## EXERCISE REQUIREMENTS
Return exactly the span of lines in the following data that opens with the line containing "carries the union" and closes with the line containing "(neg A) S, fmi". Include nothing else.
☆ ☆ ☆ ☆ ☆ ☆ ☆
(* Fix a formula $A$. For all annotated unary contexts $\Gamma\{-\}$, $\Delta\{-\}$ and every finite set of formulas $\Sigma$: if $\vdash^A \Gamma\{\Delta\{\Diamond A^\perp_\Sigma\}\}$, then $\vdash^A \Gamma\{\Delta\{\},\Diamond A^\perp_\Sigma\}$.
   Context: Formulas: over a countable set of atoms $\alpha$ with duals $\alpha^\perp$, $A,B ::= \alpha \mid \alpha^\perp \mid A\land B \mid A\lor B \mid \Box A \mid \Diamond A$; negation $A^\perp$ by De Morgan duality ($(\alpha)^\perp=\alpha^\perp$, $(\alpha^\perp)^\perp=\alpha$, $\land/\lor$ dual, $(\Box A)^\perp=\Diamond A^\perp$, $(\Diamond A)^\perp=\Box A^\perp$). Annotated sequents: $\Gamma,\Delta ::= \cdot \mid \Gamma, C \mid \Gamma, \Diamond A_\Sigma \mid \Gamma,[\Delta]_B$, where $C$ is a formula not of the form $\Diamond A$, $\Sigma$ is a finite set of formulas (annotation set) and $B$ a formula (bracket annotation); sequents are taken up to exchange. Annotated unary contexts $\Gamma\{-\}$ (one hole) are defined analogously, $\Gamma\{\Delta\}$ is hole-filling, $\Gamma\{\}=\Gamma\{\cdot\}$. Annotated rules (whenever an active formula in a premise is a $\Diamond$-formula, its annotation is simply discarded): (id) $\Gamma\{\alpha^\perp,\alpha\}$, provided every $\Diamond$-formula occurrence in it has annotation $\emptyset$; ($\land$) from $\Gamma_1\{A\}$ and $\Gamma_2\{B\}$ infer $\Gamma\{A\land B\}$; ($\lor$) from $\Gamma\{A,B\}$ infer $\Gamma\{A\lor B\}$; ($\Box$) from $\Gamma\{[\Diamond A^\perp_\Sigma, A]_A\}$ infer $\Gamma\{\Box A\}$; ($\Diamond$) from $\Gamma\{\Delta\{[\Delta',A]_B\},\Diamond A_\Sigma\}$ infer $\Gamma\{\Delta\{[\Delta']_B\},\Diamond A_{\Sigma\cup\{B\}}\}$ (for any unary context $\Delta\{-\}$, possibly of depth $0$); (cut) from $\Gamma_1\{A\}$ and $\Gamma_2\{A^\perp\}$ infer $\Gamma\{\}$. In the two-premise rules, $\Gamma_1\{-\},\Gamma_2\{-\},\Gamma\{-\}$ are identical except for annotation sets of $\Diamond$-formula occurrences (bracket annotations coincide), and each $\Diamond$-formula occurrence in $\Gamma\{-\}$ has as annotation the union of the annotations of the corresponding occurrences in $\Gamma_1,\Gamma_2$. Fix a formula $A$; $\vdash^A\Gamma$ means the annotated sequent $\Gamma$ is derivable with the annotated rules (id), ($\land$), ($\lor$), ($\Box$), ($\Diamond$) together with those instances of (cut) whose cut formula is $A$ (premises $\Gamma_1\{A\}$, $\Gamma_2\{A^\perp\}$). Convention: annotations not displayed in a statement (on $\Diamond$-formulas or brackets of contexts) are arbitrary; bracket annotations are the same in hypothesis and conclusion, while undisplayed $\Diamond$-annotations in the conclusion are existentially quantified. *)

theory Defs
  imports Main "HOL-Library.Multiset" "HOL-Library.FSet"
begin

datatype fm = At nat | NAt nat | And fm fm | Or fm fm | Box fm | Dia fm

primrec neg :: "fm \<Rightarrow> fm" where
  "neg (At a) = NAt a"
| "neg (NAt a) = At a"
| "neg (And A B) = Or (neg A) (neg B)"
| "neg (Or A B) = And (neg A) (neg B)"
| "neg (Box A) = Dia (neg A)"
| "neg (Dia A) = Box (neg A)"

text \<open>F C is a formula not of the form Dia _,
 D A S is Dia A with annotation S, Br M B is the bracket [M]_B.
 Sequents are multisets of items (exchange).\<close>

datatype 'a item = F fm | D fm 'a | Br "'a item multiset" fm

type_synonym aitem = "fm fset item"
type_synonym aseq = "aitem multiset"

text \<open>Unary context: Hole M is the context M, {-};  InBr M c B is M, [c]_B.\<close>
datatype 'a ctx = Hole "'a item multiset" | InBr "'a item multiset" "'a ctx" fm

type_synonym actx = "fm fset ctx"

primrec fill :: "'a ctx \<Rightarrow> 'a item multiset \<Rightarrow> 'a item multiset" where
  "fill (Hole M) N = M + N"
| "fill (InBr M c B) N = add_mset (Br (fill c N) B) M"

inductive wf_item :: "'a item \<Rightarrow> bool" where
  "(\<And>A. C \<noteq> Dia A) \<Longrightarrow> wf_item (F C)"
| "wf_item (D A S)"
| "(\<forall>x\<in>#M. wf_item x) \<Longrightarrow> wf_item (Br M B)"

definition wf_seq :: "'a item multiset \<Rightarrow> bool" where
  "wf_seq M = (\<forall>x\<in>#M. wf_item x)"

primrec wf_ctx :: "'a ctx \<Rightarrow> bool" where
  "wf_ctx (Hole M) = wf_seq M"
| "wf_ctx (InBr M c B) = (wf_seq M \<and> wf_ctx c)"

definition fmi :: "fm \<Rightarrow> fm fset \<Rightarrow> aitem" where
  "fmi A S = (case A of Dia B \<Rightarrow> D B S | _ \<Rightarrow> F A)"

definition erase_seq :: "aseq \<Rightarrow> aseq" where
  "erase_seq M = image_mset (map_item (\<lambda>_. {||})) M"

definition erase_ctx :: "actx \<Rightarrow> actx" where
  "erase_ctx c = map_ctx (\<lambda>_. {||}) c"

text \<open>Merging for two-premise rules: identical except Dia-annotations; the result
 carries the union of the annotations.\<close>
inductive mi :: "aitem \<Rightarrow> aitem \<Rightarrow> aitem \<Rightarrow> bool"
  and msm :: "aseq \<Rightarrow> aseq \<Rightarrow> aseq \<Rightarrow> bool" where
  "mi (F C) (F C) (F C)"
| "mi (D A S1) (D A S2) (D A (S1 |\<union>| S2))"
| "msm M1 M2 M \<Longrightarrow> mi (Br M1 B) (Br M2 B) (Br M B)"
| "msm {#} {#} {#}"
| "mi a b c \<Longrightarrow> msm M1 M2 M \<Longrightarrow> msm (add_mset a M1) (add_mset b M2) (add_mset c M)"

inductive mctx :: "actx \<Rightarrow> actx \<Rightarrow> actx \<Rightarrow> bool" where
  "msm M1 M2 M \<Longrightarrow> mctx (Hole M1) (Hole M2) (Hole M)"
| "msm M1 M2 M \<Longrightarrow> mctx c1 c2 c \<Longrightarrow> mctx (InBr M1 c1 B) (InBr M2 c2 B) (InBr M c B)"

inductive derivable :: "fm \<Rightarrow> aseq \<Rightarrow> bool" where
  ax: "wf_seq (fill G {#F (NAt a), F (At a)#}) \<Longrightarrow>
       erase_seq (fill G {#F (NAt a), F (At a)#}) = fill G {#F (NAt a), F (At a)#} \<Longrightarrow>
       derivable Ac (fill G {#F (NAt a), F (At a)#})"
| conj: "derivable Ac (fill G1 {#fmi A S1#}) \<Longrightarrow> derivable Ac (fill G2 {#fmi B S2#}) \<Longrightarrow>
       mctx G1 G2 G \<Longrightarrow> derivable Ac (fill G {#F (And A B)#})"
| disj: "derivable Ac (fill G {#fmi A S1, fmi B S2#}) \<Longrightarrow> derivable Ac (fill G {#F (Or A B)#})"
| box: "derivable Ac (fill G {#Br {#D (neg A) S, fmi A S'#} A#}) \<Longrightarrow>
       derivable Ac (fill G {#F (Box A)#})"
| dia: "derivable Ac (fill G (add_mset (D A S) (fill Dl {#Br (add_mset (fmi A S') Dp) B#}))) \<Longrightarrow>
       derivable Ac (fill G (add_mset (D A (finsert B S)) (fill Dl {#Br Dp B#})))"
| cut: "derivable Ac (fill G1 {#fmi Ac S1#}) \<Longrightarrow> derivable Ac (fill G2 {#fmi (neg Ac) S2#}) \<Longrightarrow>
       mctx G1 G2 G \<Longrightarrow> derivable Ac (fill G {#})"

end

theory Submission
  imports Defs
begin

text \<open>Call \<open>dia_lift\<close> the step that moves one \<open>\<Diamond>\<close>-formula occurrence, with its
  annotation, out of the bracket immediately enclosing it. The set of derivable sequents is closed
  under this step: its instances in the conclusion of any rule can be traced back to instances in
  the premises (for the two-premise rules through the merging of annotations, for the
  \<open>\<Diamond>\<close>-rule also when the moved formula is the principal one), and it preserves the
  side conditions of the axiom. Iterating it carries \<open>\<Diamond>A\<^sup>\<bottom>\<^sub>\<Sigma>\<close> out of
  \<open>\<Delta>{-}\<close> with all annotations untouched, so both contexts can be kept as they are. Neither the
  cut formula nor well-formedness plays any role.\<close>

inductive dia_lift :: "aseq \<Rightarrow> aseq \<Rightarrow> bool" where
  lift_out: "dia_lift (add_mset (Br (add_mset (D A S) M) B) N)
                      (add_mset (D A S) (add_mset (Br M B) N))"
| lift_in: "dia_lift M M' \<Longrightarrow> dia_lift (add_mset (Br M B) N) (add_mset (Br M' B) N)"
☆ ☆ ☆ ☆ ☆ ☆ ☆
## WRITTEN SOLUTION
 carries the union of the annotations.\<close>
inductive mi :: "aitem \<Rightarrow> aitem \<Rightarrow> aitem \<Rightarrow> bool"
  and msm :: "aseq \<Rightarrow> aseq \<Rightarrow> aseq \<Rightarrow> bool" where
  "mi (F C) (F C) (F C)"
| "mi (D A S1) (D A S2) (D A (S1 |\<union>| S2))"
| "msm M1 M2 M \<Longrightarrow> mi (Br M1 B) (Br M2 B) (Br M B)"
| "msm {#} {#} {#}"
| "mi a b c \<Longrightarrow> msm M1 M2 M \<Longrightarrow> msm (add_mset a M1) (add_mset b M2) (add_mset c M)"

inductive mctx :: "actx \<Rightarrow> actx \<Rightarrow> actx \<Rightarrow> bool" where
  "msm M1 M2 M \<Longrightarrow> mctx (Hole M1) (Hole M2) (Hole M)"
| "msm M1 M2 M \<Longrightarrow> mctx c1 c2 c \<Longrightarrow> mctx (InBr M1 c1 B) (InBr M2 c2 B) (InBr M c B)"

inductive derivable :: "fm \<Rightarrow> aseq \<Rightarrow> bool" where
  ax: "wf_seq (fill G {#F (NAt a), F (At a)#}) \<Longrightarrow>
       erase_seq (fill G {#F (NAt a), F (At a)#}) = fill G {#F (NAt a), F (At a)#} \<Longrightarrow>
       derivable Ac (fill G {#F (NAt a), F (At a)#})"
| conj: "derivable Ac (fill G1 {#fmi A S1#}) \<Longrightarrow> derivable Ac (fill G2 {#fmi B S2#}) \<Longrightarrow>
       mctx G1 G2 G \<Longrightarrow> derivable Ac (fill G {#F (And A B)#})"
| disj: "derivable Ac (fill G {#fmi A S1, fmi B S2#}) \<Longrightarrow> derivable Ac (fill G {#F (Or A B)#})"
| box: "derivable Ac (fill G {#Br {#D (neg A) S, fmi A S'#} A#}) \<Longrightarrow>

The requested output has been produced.